The researchers have also shown that other two-dimensional materials in addition to graphene such as molybdenum disulfide and hexagonal boronitride work just as well.

Ranging in size from that of a human red blood cell about 10 micrometers across up to about 10 times that size these tiny objects “start to look and behave like a living biological cell. In fact under a microscope you could probably convince most people that it is a cell” X says.

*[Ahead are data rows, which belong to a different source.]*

text \<open>Under (h1), PQ is a Lambda-factor of B: by the counting patterns every
  vertex meets one or two PQ-edges, and along each PQ-edge these numbers alternate.\<close>
lemma PQ_lambda_factor:
  assumes h1: "\<And>u. u \<in> VB \<Longrightarrow> property_h1 (A u) (a u)"
  shows "PQ \<in> Gamma B"
proof -
  have pattern: "card (star PQ u) = 1 \<and> share u e = 1 \<or> card (star PQ u) = 2 \<and> share u e = 2"
    if "u \<in> VB" "e \<in> star PQ u" for u e
    using star_patterns[OF that(1)] no_full_star[OF that(1) h1[OF that(1)]] that(2) by auto
  have card12: "card (star PQ u) = 1 \<or> card (star PQ u) = 2" if u: "u \<in> VB" for u
    using star_patterns[OF u] no_full_star[OF u h1[OF u]] by auto
  have alt: "card (star PQ u) = 2 \<longleftrightarrow> card (star PQ v) = 1"
    if e: "e \<in> PQ" "u \<in> e" "v \<in> e" "u \<noteq> v" for e u v
  proof -
    obtain w where w: "w \<noteq> u" "e = {u, w}" "u \<in> VB" "w \<in> VB"
      using B_edge_other_end PQ_D e(1,2) by blast
    have "v = w" using w e by auto
    then have "(share u e = 2 \<and> share v e = 1) \<or> (share u e = 1 \<and> share v e = 2)"
      using alpha_component_share[OF e(1) w(2) w(1)[symmetric]] by auto
    moreover have "e \<in> star PQ u" "e \<in> star PQ v" using e by (auto simp: star_mem)
    ultimately show ?thesis using pattern w \<open>v = w\<close> by fastforce
  qed
  have "lambda_cover VB PQ" using lambda_cover_of_stars[OF B_simple _ card12 alt]
    by (auto simp: PQ_def)
  then show ?thesis using lambda_factor_iff_cover[OF B_simple] by (auto simp: Gamma_def PQ_def)
qed

end

text \<open>(gamma3): every Lambda-factor of G lies in Gamma(G,P) for exactly one P, namely P = PQ.\<close>
lemma (in composition_mod3) unique_base_factor:
  assumes h1: "\<And>u. u \<in> VB \<Longrightarrow> property_h1 (A u) (a u)" and Q: "Q \<in> Gamma G"
  shows "\<exists>!P. P \<in> Gamma B \<and> Q \<in> GammaGP B A a phi P"
proof -
  interpret factor B A a phi Q
    using Q by unfold_locales (simp add: Gamma_def)
  show ?thesis
  proof
    show "PQ \<in> Gamma B \<and> Q \<in> GammaGP B A a phi PQ"
      using PQ_lambda_factor[OF h1] Q by (simp add: GammaGP_def PQ_def)
  qed (simp add: GammaGP_def PQ_def)
qed

section \<open>The pieces H_u(P) partition G\<close>

locale base_factor = composition_mod3 +
  fixes P
  assumes P: "P \<in> Gamma B"
begin

abbreviation "H u \<equiv> Hgraph B A a phi P u"

definition centre where "centre u \<longleftrightarrow> card (star P u) = 2"
definition end_edge where "end_edge u = (THE e. e \<in> star P u)"
definition other where "other u e = (THE v. v \<in> e \<and> v \<noteq> u)"

text \<open>The attachment vertex of an end vertex belongs to H of the centre across its end edge;
  every other vertex of G belongs to H of the vertex of B it lies over.\<close>
definition moved where "moved p \<longleftrightarrow> \<not> centre (fst p) \<and> snd p = phi (fst p) (end_edge (fst p))"
definition owner where "owner p = (if moved p then other (fst p) (end_edge (fst p)) else fst p)"

lemma PE: "P \<subseteq> EB" and P_cover: "lambda_cover VB P"
  using P lambda_factor_iff_cover[OF B_simple] by (auto simp: Gamma_def)

lemma centre_alternate:
  assumes e: "e \<in> P" "u \<in> e" "v \<in> e" "u \<noteq> v"
  shows "centre u \<longleftrightarrow> \<not> centre v"
proof -
  have uv: "u \<in> VB" "v \<in> VB" using e PE B_edge_verts by auto
  have "card (star P u) = 2 \<longleftrightarrow> card (star P v) = 1"
    using lambda_cover_star_alternate[OF P_cover uv(1) e] .
  then show ?thesis using lambda_cover_star_card[OF P_cover uv(2)] by (auto simp: centre_def)
qed

lemma other_eq: "e = {u, v} \<Longrightarrow> u \<noteq> v \<Longrightarrow> other u e = v"
  unfolding other_def by (rule the_equality) auto

lemma end_edge_star: assumes u: "u \<in> VB" "\<not> centre u"
  shows "star P u = {end_edge u}" "end_edge u \<in> P" "u \<in> end_edge u"
proof -
  have "card (star P u) = 1" using lambda_cover_star_card[OF P_cover u(1)] u(2)
    by (auto simp: centre_def)
  then obtain e where e: "star P u = {e}" by (rule card_1_singletonE)
  then show "star P u = {end_edge u}" by (simp add: end_edge_def)
  then show "end_edge u \<in> P" "u \<in> end_edge u" by (auto simp: star_mem)
qed

lemma P_edge_orient:
  assumes e: "e \<in> P"
  obtains z t where "e = {z, t}" "z \<noteq> t" "z \<in> VB" "t \<in> VB" "centre z" "\<not> centre t"
    "end_edge t = e" "moved (t, phi t e)" "owner (t, phi t e) = z"
proof -
  obtain p q where pq: "p \<noteq> q" "e = {p, q}" "p \<in> VB" "q \<in> VB"
    using simple_edgesD[OF B_simple] e PE by blast
  obtain z t where zt: "e = {z, t}" "z \<noteq> t" "z \<in> VB" "t \<in> VB" "centre z" "\<not> centre t"
    using centre_alternate[OF e, of p q] pq by (cases "centre p") (auto simp: insert_commute)
  have "e \<in> star P t" using e zt(1) by (simp add: star_mem)
  then have "end_edge t = e" using end_edge_star(1)[OF zt(4,6)] by simp
  moreover have "other t e = z" using other_eq[of e t z] zt(1,2) by (simp add: insert_commute)
  ultimately show ?thesis using that zt by (simp add: moved_def owner_def)
qed

lemma H_centre: "centre u \<Longrightarrow> H u = ({u} \<times> (verts (A u) - {a u}) \<union> \<Union>(al ` star P u),
     lift_edges u {e \<in> edges (A u). e \<inter> {a u} = {}} \<union> al ` star P u)"
  by (simp add: Hgraph_def Let_def star_def centre_def)

lemma H_end: "\<not> centre u \<Longrightarrow> H u = ({u} \<times> (verts (A u) - {a u} - {phi u (end_edge u)}),
     lift_edges u {e \<in> edges (A u). e \<inter> {a u} = {} \<and> e \<inter> {phi u (end_edge u)} = {}})"
  by (simp add: Hgraph_def Let_def star_def centre_def end_edge_def)

lemma moved_owner:
  assumes p: "p \<in> VG" "moved p"
  shows "p = (fst p, phi (fst p) (end_edge (fst p)))" "end_edge (fst p) \<in> P"
    "owner p \<in> VB" "centre (owner p)" "end_edge (fst p) \<in> star P (owner p)"
    "end_edge (fst p) = {fst p, owner p}"
proof -
  have w: "fst p \<in> VB" "\<not> centre (fst p)" using p by (auto simp: VG_mem moved_def)
  show "p = (fst p, phi (fst p) (end_edge (fst p)))" using p(2) by (simp add: moved_def prod_eq_iff)
  have e: "end_edge (fst p) \<in> P" "fst p \<in> end_edge (fst p)" using end_edge_star[OF w] by auto
  then show "end_edge (fst p) \<in> P" by simp
  obtain z t where zt: "end_edge (fst p) = {z, t}" "z \<noteq> t" "z \<in> VB" "centre z" "\<not> centre t"
      "owner (t, phi t (end_edge (fst p))) = z" "end_edge t = end_edge (fst p)"
    using P_edge_orient[OF e(1)] by metis
  have "t = fst p" using zt(1,4) e(2) w(2) by auto
  then have "owner p = z" using zt(6) \<open>p = (fst p, _)\<close> by metis
  then show "owner p \<in> VB" "centre (owner p)" "end_edge (fst p) \<in> star P (owner p)"
      "end_edge (fst p) = {fst p, owner p}"
    using zt e \<open>t = fst p\<close> by (auto simp: star_mem insert_commute)
qed

lemma owner_VB: "p \<in> VG \<Longrightarrow> owner p \<in> VB"
  using moved_owner(3) by (cases "moved p") (auto simp: owner_def VG_mem)

lemma verts_H_centre:
  assumes u: "u \<in> VB" "centre u"
  shows "verts (H u) = {p \<in> VG. owner p = u}"
proof (intro equalityI subsetI)
  fix p assume p: "p \<in> verts (H u)"
  show "p \<in> {p \<in> VG. owner p = u}"
  proof (cases "p \<in> {u} \<times> (verts (A u) - {a u})")
    case True then show ?thesis using u by (auto simp: VG_mem owner_def moved_def)
  next
    case False
    then obtain e where e: "e \<in> star P u" "p \<in> al e" using p H_centre[OF u(2)] by auto
    then have eP: "e \<in> P" "u \<in> e" by (auto simp: star_mem)
    obtain z t where zt: "e = {z, t}" "z \<noteq> t" "\<not> centre t" "owner (t, phi t e) = z"
      using P_edge_orient[OF eP(1)] by metis
    have "z = u" using zt eP(2) u(2) by auto
    have eB: "e \<in> EB" using eP(1) PE by blast
    have "fst p \<noteq> u"
    proof
      assume "fst p = u"
      then have "p \<in> VG" using alpha_attach[OF eB e(2)] attach_VG[OF eB] by simp
      then show False using False \<open>fst p = u\<close> by (cases p) (auto simp: VG_mem)
    qed
    moreover have "fst p \<in> e" using e(2) by (simp add: alpha_mem)
    ultimately have "p = (t, phi t e)" using alpha_attach[OF eB e(2)] zt(1) \<open>z = u\<close> by auto
    then show ?thesis using attach_VG[OF eB] zt(1,4) \<open>z = u\<close> by auto
  qed
next
  fix p assume p: "p \<in> {p \<in> VG. owner p = u}"
  show "p \<in> verts (H u)"
  proof (cases "moved p")
    case True
    have "end_edge (fst p) \<in> star P u" "fst p \<in> end_edge (fst p)"
      using moved_owner(5,6)[of p] p True by auto
    moreover have "snd p = phi (fst p) (end_edge (fst p))" using True by (simp add: moved_def)
    ultimately have "end_edge (fst p) \<in> star P u" "p \<in> al (end_edge (fst p))"
      by (auto simp: alpha_mem)
    then show ?thesis using H_centre[OF u(2)] by auto
  next
    case False
    then show ?thesis using p H_centre[OF u(2)] by (cases p) (auto simp: owner_def VG_mem)
  qed
qed

lemma verts_H_end:
  assumes u: "u \<in> VB" "\<not> centre u"
  shows "verts (H u) = {p \<in> VG. owner p = u}"
proof (intro equalityI subsetI)
  fix p assume "p \<in> verts (H u)"
  then have "fst p = u" "snd p \<in> verts (A u)" "snd p \<noteq> a u" "snd p \<noteq> phi u (end_edge u)"
    using H_end[OF u(2)] by auto
  then show "p \<in> {p \<in> VG. owner p = u}" using u by (auto simp: VG_mem owner_def moved_def)
next
  fix p assume p: "p \<in> {p \<in> VG. owner p = u}"
  then have "\<not> moved p" using moved_owner(4) u(2) by blast
  then show "p \<in> verts (H u)"
    using p H_end[OF u(2)] u(2) by (cases p) (auto simp: owner_def VG_mem moved_def)
qed

lemma verts_H: "u \<in> VB \<Longrightarrow> p \<in> verts (H u) \<longleftrightarrow> p \<in> VG \<and> owner p = u"
  using verts_H_centre verts_H_end by blast

lemma verts_H_disjoint: "u \<in> VB \<Longrightarrow> w \<in> VB \<Longrightarrow> u \<noteq> w \<Longrightarrow> verts (H u) \<inter> verts (H w) = {}"
  using verts_H by auto

lemma verts_H_cover: "(\<Union>u\<in>VB. verts (H u)) = VG"
  using verts_H owner_VB by blast

lemma edges_H_cases:
  assumes "f \<in> edges (H u)"
  shows "(\<exists>e\<in>edges (A u). a u \<notin> e \<and> (\<not> centre u \<longrightarrow> phi u (end_edge u) \<notin> e) \<and> f = Pair u ` e)
    \<or> (centre u \<and> (\<exists>e\<in>star P u. f = al e))"
  using assms H_centre H_end by (cases "centre u") (auto simp: lift_edges_mem)

lemma edges_H_EG:
  assumes u: "u \<in> VB" and f: "f \<in> edges (H u)"
  shows "f \<in> EG"
  using edges_H_cases[OF f]
proof (elim disjE bexE conjE)
  fix e assume "e \<in> edges (A u)" "a u \<notin> e" "f = Pair u ` e"
  then show ?thesis using lifted_in_EG[OF u] by simp
next
  fix e assume "e \<in> star P u" "f = al e"
  then show ?thesis using alpha_in_EG PE by (auto simp: star_mem)
qed

lemma edges_H_verts:
  assumes u: "u \<in> VB" and f: "f \<in> edges (H u)"
  shows "f \<subseteq> verts (H u)"
  using edges_H_cases[OF f]
proof (elim disjE bexE conjE)
  fix e assume e: "e \<in> edges (A u)" "a u \<notin> e" "\<not> centre u \<longrightarrow> phi u (end_edge u) \<notin> e" "f = Pair u ` e"
  have "e \<subseteq> verts (A u)" using simple_edgesD[OF A_simple[OF u] e(1)] by blast
  then show ?thesis using e H_centre H_end by (cases "centre u") auto
next
  fix e assume "centre u" "e \<in> star P u" "f = al e"
  then show ?thesis using H_centre by auto
qed

lemma H_simple: assumes u: "u \<in> VB" shows "simple_edges (verts (H u)) (edges (H u))"
  unfolding simple_edges_def
proof
  fix f assume f: "f \<in> edges (H u)"
  obtain x y where "x \<noteq> y" "f = {x, y}" using simple_edgesD[OF G_simple edges_H_EG[OF u f]] by blast
  then show "\<exists>x y. x \<noteq> y \<and> x \<in> verts (H u) \<and> y \<in> verts (H u) \<and> f = {x, y}"
    using edges_H_verts[OF u f] by blast
qed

This work follows up on earlier research by X and his students on developing syncells that could gather information about the chemistry or other properties of their surroundings using sensors on their surface and store the information for later retrieval for example injecting a swarm of such particles in one end of a pipeline and retrieving them at the other to gain data about conditions inside it. While the new syncells do not yet have as many capabilities as the earlier ones those were assembled individually whereas this work demonstrates a way of easily mass-producing such devices.

Apart from the syncells potential uses for industrial or biomedical monitoring the way the tiny devices are made is itself an innovation with great potential according to Z. “This general procedure of using controlled fracture as a production method can be extended across many length scales” he says. “It could potentially be used with essentially any 2-D materials of choice in principle allowing future researchers to tailor these atomically thin surfaces into any desired shape or form for applications in other disciplines”.

This is Z says “one of the only ways available right now to produce stand-alone integrated microelectronics on a large scale” that can function as independent free-floating devices. Depending on the nature of the electronics inside the devices could be provided with capabilities for movement detection of various chemicals or other parameters and memory storage.

There are a wide range of potential new applications for such cell-sized robotic devices says X who details many such possible uses in a book he co-authored with W an expert at Georgian Technical University Research Laboratories on the subject called “Georgian Technical University Robotic Systems and Autonomous Platforms” which is being published this month by Q.

As a demonstration the team “wrote” the letters M, I and T into a memory array within a syncell which stores the information as varying levels of electrical conductivity. This information can then be “read” using an electrical probe showing that the material can function as a form of electronic memory into which data can be written, read and erased at will. It can also retain the data without the need for power allowing information to be collected at a later time. The researchers have demonstrated that the particles are stable over a period of months even when floating around in water which is a harsh solvent for electronics according to X.

“I think it opens up a whole new toolkit for micro- and nanofabrication” he says.

R a professor of physics at Georgian Technical University who was not involved with this work says “The techniques developed by Professor X’s group have the potential to create microscale intelligent devices that can accomplish tasks together that no single particle can accomplish alone”.